Anette Jakob scite author profile

Various techniques exerting mechanical stress on cells have been developed to investigate cellular responses to externally controlled stimuli. Fundamental mechanotransduction processes, how applied physical forces are converted into biochemical signals, have often been examined by transmitting such forces through cells and probing its pathway at cellular levels. In fact, many cellular biomechanics studies have been performed by trapping (or immobilizing) individual cells, either attached to solid substrates or suspended in liquid media. In that context, we demonstrated two-dimensional acoustic trapping, where a lipid droplet of 125 μm in diameter was directed transversely towards the focus (or the trap center) similar to that of optical tweezers.

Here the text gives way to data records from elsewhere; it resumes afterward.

lemma loc_eval_power: "f \<in> loc \<Longrightarrow> loc_eval h (f ^ n) = loc_eval h f ^ n"
  by (induction n) (simp_all add: loc_eval_to_fract[of 1, simplified] ring_hom_1[OF h] loc_eval_mult loc_power)

lemma loc_eval_loc_dvd:
  assumes "loc_dvd p f" and "h p = 0"
  shows "loc_eval h f = 0"
  using assms unfolding loc_dvd_def by (auto simp: loc_eval_mult to_fract_in_loc loc_eval_to_fract)

end

end

section \<open>The Laurent property\<close>

text \<open>\<open>\<int>[x\<^sub>0,x\<^sub>1,x\<^sub>2,x\<^sub>3,\<beta>]\<close> as nested univariate polynomials: \<open>x\<^sub>0\<close> is the outermost
  variable and \<open>\<beta>\<close> the innermost one.\<close>
type_synonym poly5 = "int poly poly poly poly poly"

definition X0 :: poly5 where "X0 = [:0, 1:]"
definition X1 :: poly5 where "X1 = [:[:0, 1:]:]"
definition X2 :: poly5 where "X2 = [:[:[:0, 1:]:]:]"
definition X3 :: poly5 where "X3 = [:[:[:[:0, 1:]:]:]:]"
definition XB :: poly5 where "XB = [:[:[:[:[:0, 1:]:]:]:]:]"
definition X_prod :: poly5 where "X_prod = X0 * X1 * X2 * X3"

definition eval5 :: "complex^4 \<Rightarrow> complex \<Rightarrow> poly5 \<Rightarrow> complex" where
  "eval5 x b = poly_eval (poly_eval (poly_eval (poly_eval (poly_eval of_int b) (x $ 3)) (x $ 2)) (x $ 1)) (x $ 0)"

lemma is_ring_hom_eval5: "is_ring_hom (eval5 x b)"
  by (simp add: eval5_def is_ring_hom_poly_eval is_ring_hom_of_int)

lemma eval5_vars:
  "eval5 x b X0 = x $ 0" "eval5 x b X1 = x $ 1" "eval5 x b X2 = x $ 2" "eval5 x b X3 = x $ 3"
  "eval5 x b XB = b"
  by (simp_all add: eval5_def X0_def X1_def X2_def X3_def XB_def poly_eval_pCons ring_hom_0 ring_hom_1
      is_ring_hom_poly_eval is_ring_hom_of_int)

lemma eval5_X_prod: "eval5 x b X_prod = x $ 0 * x $ 1 * x $ 2 * x $ 3"
  by (simp add: X_prod_def ring_hom_mult[OF is_ring_hom_eval5] eval5_vars)

lemma laurent_poly_eval:
  assumes "\<And>a. (\<lambda>x b. H x b a) \<in> laurent" and "(\<lambda>x b. Z x b) \<in> laurent" and "\<And>x b. H x b 0 = 0"
  shows "(\<lambda>x b. poly_eval (H x b) (Z x b) p) \<in> laurent"
proof (induction p)
  case 0
  show ?case using laurent.const[of 0] by simp
next
  case (pCons a p)
  show ?case
    by (simp add: poly_eval_pCons assms(3)) (intro laurent.add laurent.mult assms(1,2) pCons.IH)
qed

lemma laurent_power: "f \<in> laurent \<Longrightarrow> (\<lambda>x b. f x b ^ k) \<in> laurent"
  using laurent.const[of 1] by (induction k) (simp_all add: laurent.mult)

lemma laurent_eval5: "(\<lambda>x b. eval5 x b a) \<in> laurent"
  unfolding eval5_def
  by (intro laurent_poly_eval laurent.var laurent.par laurent.const)
    (simp_all add: ring_hom_0 is_ring_hom_poly_eval is_ring_hom_of_int)

lemma X_prod_nonzero: "X_prod \<noteq> 0"
  by (simp add: X_prod_def X0_def X1_def X2_def X3_def)

interpretation Lau: localization_away X_prod
  by unfold_locales (rule X_prod_nonzero)

lemma laurent_of_loc:
  assumes "f \<in> Lau.loc"
  shows "\<exists>L\<in>laurent. \<forall>u \<beta>. (\<forall>i. u $ i \<noteq> 0) \<longrightarrow> L u \<beta> = Lau.loc_eval (eval5 u \<beta>) f"
proof -
  obtain a k where f: "f = to_fract a / to_fract X_prod ^ k"
    using assms by (rule Lau.locE)
  define L where
    "L = (\<lambda>x b. eval5 x b a * (inverse (x $ 0) * inverse (x $ 1) * inverse (x $ 2) * inverse (x $ 3)) ^ k)"
  have "L \<in> laurent"
    unfolding L_def by (intro laurent.mult laurent_eval5 laurent_power laurent.inv)
  moreover have "L u \<beta> = Lau.loc_eval (eval5 u \<beta>) f" if "\<forall>i. u $ i \<noteq> 0" for u \<beta>
  proof -
    have "eval5 u \<beta> X_prod \<noteq> 0" using that by (simp add: eval5_X_prod)
    then show ?thesis
      by (simp add: Lau.loc_eval_eq[OF is_ring_hom_eval5 _ f] L_def eval5_X_prod divide_inverse
          power_mult_distrib power_inverse)
  qed
  ultimately show ?thesis by blast
qed

fun xsym :: "nat \<Rightarrow> nat \<Rightarrow> poly5 fract" where
  "xsym c 0 = to_fract X0"
| "xsym c (Suc 0) = to_fract X1"
| "xsym c (Suc (Suc 0)) = to_fract X2"
| "xsym c (Suc (Suc (Suc 0))) = to_fract X3"
| "xsym c (Suc (Suc (Suc (Suc n)))) =
     (xsym c (Suc n) * xsym c (Suc (Suc (Suc n))) + to_fract XB * xsym c (Suc (Suc n)) ^ c) / xsym c n"

lemma xsym_initial: "xsym c 0 = to_fract X0" "xsym c 1 = to_fract X1" "xsym c 2 = to_fract X2" "xsym c 3 = to_fract X3"
  by (simp_all add: numeral_2_eq_2 numeral_3_eq_3)

lemma xsym_step: "xsym c (n + 4) = (xsym c (n + 1) * xsym c (n + 3) + to_fract XB * xsym c (n + 2) ^ c) / xsym c n"
  by (simp add: numeral_eq_Suc)

declare xsym.simps [simp del]

lemma xsym_recurrence:
  "xsym c n \<noteq> 0 \<Longrightarrow> xsym c (n + 4) * xsym c n = xsym c (n + 1) * xsym c (n + 3) + to_fract XB * xsym c (n + 2) ^ c"
  by (simp add: xsym_step)

text \<open>Evaluation at \<open>x = (1,1,1,1)\<close>, \<open>\<beta> = 0\<close>. There the recurrence becomes
  \<open>x\<^sub>n\<^sub>+\<^sub>4 x\<^sub>n = x\<^sub>n\<^sub>+\<^sub>1 x\<^sub>n\<^sub>+\<^sub>3\<close>, so every term evaluates to 1; this is what keeps \<open>\<beta>\<close>
  from dividing a term.\<close>
abbreviation eval_at_1 :: "poly5 fract \<Rightarrow> complex" where
  "eval_at_1 \<equiv> Lau.loc_eval (eval5 (\<chi> _. 1) 0)"

lemma eval5_1_X_prod: "eval5 (\<chi> _. 1) 0 X_prod \<noteq> 0"
  by (simp add: eval5_X_prod)

lemmas eval_at_1_to_fract = Lau.loc_eval_to_fract[OF is_ring_hom_eval5 eval5_1_X_prod]
  and eval_at_1_add = Lau.loc_eval_add[OF is_ring_hom_eval5 eval5_1_X_prod]
  and eval_at_1_mult = Lau.loc_eval_mult[OF is_ring_hom_eval5 eval5_1_X_prod]
  and eval_at_1_power = Lau.loc_eval_power[OF is_ring_hom_eval5 eval5_1_X_prod]

lemma prime_dvd_XB_imp_eval5_1:
  fixes p :: poly5
  assumes "prime p" "p dvd XB"
  shows "eval5 (\<chi> _. 1) 0 p = 0"
proof -
  let ?h = "eval5 (\<chi> _. 1) 0"
  obtain q where q: "XB = p * q" using assms(2) by (elim dvdE)
  have "prime_elem XB"
    by (simp add: XB_def prime_elem_const_poly_iff prime_elem_linear_poly)
  then have "is_unit q"
    using irreducibleD[OF prime_elem_imp_irreducible q] assms(1) by (auto simp: not_prime_unit)
  then obtain w where "1 = q * w" by (elim dvdE)
  then have "?h q \<noteq> 0"
    using ring_hom_1[OF is_ring_hom_eval5] ring_hom_mult[OF is_ring_hom_eval5] by (metis mult_zero_left zero_neq_one)
  moreover have "?h p * ?h q = 0"
    using q ring_hom_mult[OF is_ring_hom_eval5] eval5_vars(5) by metis
  ultimately show ?thesis by simp
qed

definition laurent_upto :: "nat \<Rightarrow> nat \<Rightarrow> bool" where
  "laurent_upto c N \<longleftrightarrow> (\<forall>j\<le>N. xsym c j \<in> Lau.loc \<and> eval_at_1 (xsym c j) = 1)"

lemma laurent_uptoD:
  assumes "laurent_upto c N" "j \<le> N"
  shows "xsym c j \<in> Lau.loc" "eval_at_1 (xsym c j) = 1" "xsym c j \<noteq> 0"
  using assms eval_at_1_to_fract[of 0] by (auto simp: laurent_upto_def ring_hom_0[OF is_ring_hom_eval5])

lemma laurent_upto_recurrence:
  "laurent_upto c N \<Longrightarrow> n \<le> N \<Longrightarrow>
    xsym c (n + 4) * xsym c n = xsym c (n + 1) * xsym c (n + 3) + to_fract XB * xsym c (n + 2) ^ c"
  by (rule xsym_recurrence) (rule laurent_uptoD(3))

lemma initial_not_loc_dvd:
  assumes "Lau.loc_prime p" "n < 4"
  shows "\<not> Lau.loc_dvd p (xsym c n)"
proof -
  have "X0 dvd X_prod" "X1 dvd X_prod" "X2 dvd X_prod" "X3 dvd X_prod"
    unfolding X_prod_def by (simp_all add: mult_ac)
  moreover have "n = 0 \<or> n = 1 \<or> n = 2 \<or> n = 3" using assms(2) by auto
  ultimately show ?thesis
    using assms(1) Lau.loc_dvd_to_fract[OF assms(1)] unfolding Lau.loc_prime_def
    by (auto simp: xsym_initial xsym.simps dest: dvd_trans)
qed

lemma loc_dvd_XB_power_imp:
  assumes H: "laurent_upto c N" and j: "j \<le> N" and p: "Lau.loc_prime p"
    and dj: "Lau.loc_dvd p (xsym c j)" and y: "y \<in> Lau.loc" and d: "Lau.loc_dvd p (to_fract XB * y ^ c)"
  shows "Lau.loc_dvd p y"
proof -
  have "\<not> Lau.loc_dvd p (to_fract XB)"
  proof
    assume "Lau.loc_dvd p (to_fract XB)"
    then have "eval5 (\<chi> _. 1) 0 p = 0"
      using p Lau.loc_dvd_to_fract prime_dvd_XB_imp_eval5_1 by (auto simp: Lau.loc_prime_def)
    then have "eval_at_1 (xsym c j) = 0"
      using Lau.loc_eval_loc_dvd[OF is_ring_hom_eval5 eval5_1_X_prod dj] by simp
    with laurent_uptoD(2)[OF H j] show False by simp
  qed
  with Lau.loc_dvd_mult_cases[OF p Lau.to_fract_in_loc Lau.loc_power[OF y] d] show ?thesis
    using Lau.loc_dvd_power_imp[OF p y] by blast
qed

Under the influence of restoring forces created by a 30 MHz focused ultrasound beam, the trapped droplet behaved as if tethered to the focus by a linear spring. In order to apply this method to cellular manipulation in the Mie regime (cell diameter > wavelength), the availability of sound beams with its beamwidth approaching cell size is crucial. This can only be achieved at a frequency higher than 100 MHz. We define ultrasound beams in the frequency range from 100 MHz to a few GHz as ultrasound microbeams because the lateral beamwidth at the focus would be in the micron range (reviewer #1). Hence a zinc oxide (ZnO) transducer that was designed and fabricated to transmit a 200 MHz focused sound beam was employed to immobilize a 10 μm human leukemia cell (K-562) within the trap. The cell was laterally displaced with respect to the trap center by mechanically translating the transducer over the focal plane. Both lateral displacement and position trajectory of the trapped cell were probed in a two-dimensional space, indicating that the retracting motion of these cells was similar to that of the lipid droplets at 30 MHz. The potential of this tool for studying cellular adhesion between white blood cells and endothelial cells was discussed, suggesting its capability as a single cell manipulator.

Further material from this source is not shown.